++++ SUPPLIED DATA

lemma block_index_image_below:
  assumes \<Phi>: "set_comp n \<Phi>" and "p \<le> length \<Phi>"
  shows "block_index \<Phi> ` {j\<in>{1..n}. block_index \<Phi> j < p} = {..<p}"
proof
  show "{..<p} \<subseteq> block_index \<Phi> ` {j\<in>{1..n}. block_index \<Phi> j < p}"
  proof
    fix q assume "q \<in> {..<p}"
    with assms have q: "q < length \<Phi>" "q < p" by auto
    then obtain j where "j \<in> \<Phi>!q" using set_comp_block_nonempty[OF \<Phi>] by blast
    then have "j \<in> {1..n}" "block_index \<Phi> j = q" using set_comp_block_eq[OF \<Phi> q(1)] by auto
    with q show "q \<in> block_index \<Phi> ` {j\<in>{1..n}. block_index \<Phi> j < p}"
      by (intro image_eqI[of _ _ j]) auto
  qed
qed blast

text \<open>The index of the block of \<open>j\<close> is the number of blocks below it.\<close>

lemma set_comp_eqI:
  assumes \<Phi>: "set_comp n \<Phi>" and \<Psi>: "set_comp n \<Psi>"
    and less_iff: "\<And>j l. j \<in> {1..n} \<Longrightarrow> l \<in> {1..n} \<Longrightarrow>
        block_index \<Phi> j < block_index \<Phi> l \<longleftrightarrow> block_index \<Psi> j < block_index \<Psi> l"
  shows "\<Phi> = \<Psi>"
proof -
  have same_fibres: "block_index \<Phi> j = block_index \<Phi> l \<longleftrightarrow> block_index \<Psi> j = block_index \<Psi> l"
    if "j \<in> {1..n}" "l \<in> {1..n}" for j l
    using less_iff[OF that] less_iff[OF that(2,1)] by (metis linorder_neqE_nat order_less_irrefl)
  have count_below: "card (block_index X ` {j\<in>{1..n}. block_index X j < p}) = p"
    if "set_comp n X" "p \<le> length X" for X p
    using block_index_image_below[OF that] by simp
  have "length \<Phi> = length \<Psi>"
  proof -
    have all: "{j\<in>{1..n}. block_index X j < length X} = {1..n}" if "set_comp n X" for X
      using block_index_mem[OF that] by blast
    show ?thesis
      using count_below[OF \<Phi> order_refl] count_below[OF \<Psi> order_refl]
        card_image_eq_if_same_fibres[of "{1..n}", OF same_fibres]
      unfolding all[OF \<Phi>] all[OF \<Psi>] by simp
  qed
  moreover have "block_index \<Phi> j = block_index \<Psi> j" if j: "j \<in> {1..n}" for j
  proof -
    define below where "below = {l\<in>{1..n}. block_index \<Phi> l < block_index \<Phi> j}"
    have below_\<Psi>: "below = {l\<in>{1..n}. block_index \<Psi> l < block_index \<Psi> j}"
      unfolding below_def using less_iff j by blast
    have "block_index \<Phi> j = card (block_index \<Phi> ` below)"
      unfolding below_def using count_below[OF \<Phi>] block_index_mem(1)[OF \<Phi> j] by simp
    also have "\<dots> = card (block_index \<Psi> ` below)"
      by (rule card_image_eq_if_same_fibres) (auto simp: below_def same_fibres)
    also have "\<dots> = block_index \<Psi> j"
      unfolding below_\<Psi> using count_below[OF \<Psi>] block_index_mem(1)[OF \<Psi> j] by simp
    finally show ?thesis .
  qed
  ultimately show ?thesis
    using set_comp_block_eq[OF \<Phi>] set_comp_block_eq[OF \<Psi>] by (auto intro!: nth_equalityI)
qed
lemma inner_on_apply_oracle_diff:
  assumes fits: "fits_registers n dc dr S" "fits_registers n dc dr S'"
    and agree: "\<And>i. i < n \<Longrightarrow> i \<noteq> j \<Longrightarrow> S ! i = S' ! i"
  shows "inner_on (basis_set n dc dr m) (apply_oracle (basis_set n dc dr m) dc dr S \<psi>)
           (apply_oracle (basis_set n dc dr m) dc dr S' \<phi>) - inner_on (basis_set n dc dr m) \<psi> \<phi>
    = (\<Sum>x\<in>{x\<in>basis_set n dc dr m. fst x = j}.
         \<psi> (oracle_inv dc dr S x) * (cnj (\<phi> (oracle_inv dc dr S' x)) - cnj (\<phi> (oracle_inv dc dr S x))))"
proof -
  let ?X = "basis_set n dc dr m"
  let ?g = "oracle_inv dc dr S" and ?g' = "oracle_inv dc dr S'"
  have same_off_j: "?g' x = ?g x" if "x \<in> ?X" "fst x \<noteq> j" for x
    using agree that by (cases x) (auto simp: oracle_inv_def mem_basis_set)
  have "inner_on ?X \<psi> \<phi> = inner_on ?X (apply_oracle ?X dc dr S \<psi>) (apply_oracle ?X dc dr S \<phi>)"
    by (rule inner_on_apply_oracle[OF fits(1), symmetric])
  then have "inner_on ?X (apply_oracle ?X dc dr S \<psi>) (apply_oracle ?X dc dr S' \<phi>) - inner_on ?X \<psi> \<phi>
      = (\<Sum>x\<in>?X. \<psi> (?g x) * (cnj (\<phi> (?g' x)) - cnj (\<phi> (?g x))))"
    by (simp add: inner_on_def sum_subtractf[symmetric] apply_oracle_eq[OF fits(1)]
        apply_oracle_eq[OF fits(2)] algebra_simps cong: sum.cong)
  also have "\<dots> = (\<Sum>x\<in>{x\<in>?X. fst x = j}. \<psi> (?g x) * (cnj (\<phi> (?g' x)) - cnj (\<phi> (?g x))))"
    using finite_basis_set by (intro sum.mono_neutral_right) (auto simp: same_off_j)
  finally show ?thesis .
qed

++++++++

• **TASK REQUIREMENTS**
Starting with the line that contains "by (rule inner_on_apply_oracle[OF", output every line through the end of the listing above, unchanged.

• **RESULT BELOW**
    by (rule inner_on_apply_oracle[OF fits(1), symmetric])
  then have "inner_on ?X (apply_oracle ?X dc dr S \<psi>) (apply_oracle ?X dc dr S' \<phi>) - inner_on ?X \<psi> \<phi>
      = (\<Sum>x\<in>?X. \<psi> (?g x) * (cnj (\<phi> (?g' x)) - cnj (\<phi> (?g x))))"
    by (simp add: inner_on_def sum_subtractf[symmetric] apply_oracle_eq[OF fits(1)]
        apply_oracle_eq[OF fits(2)] algebra_simps cong: sum.cong)
  also have "\<dots> = (\<Sum>x\<in>{x\<in>?X. fst x = j}. \<psi> (?g x) * (cnj (\<phi> (?g' x)) - cnj (\<phi> (?g x))))"
    using finite_basis_set by (intro sum.mono_neutral_right) (auto simp: same_off_j)
  finally show ?thesis .
qed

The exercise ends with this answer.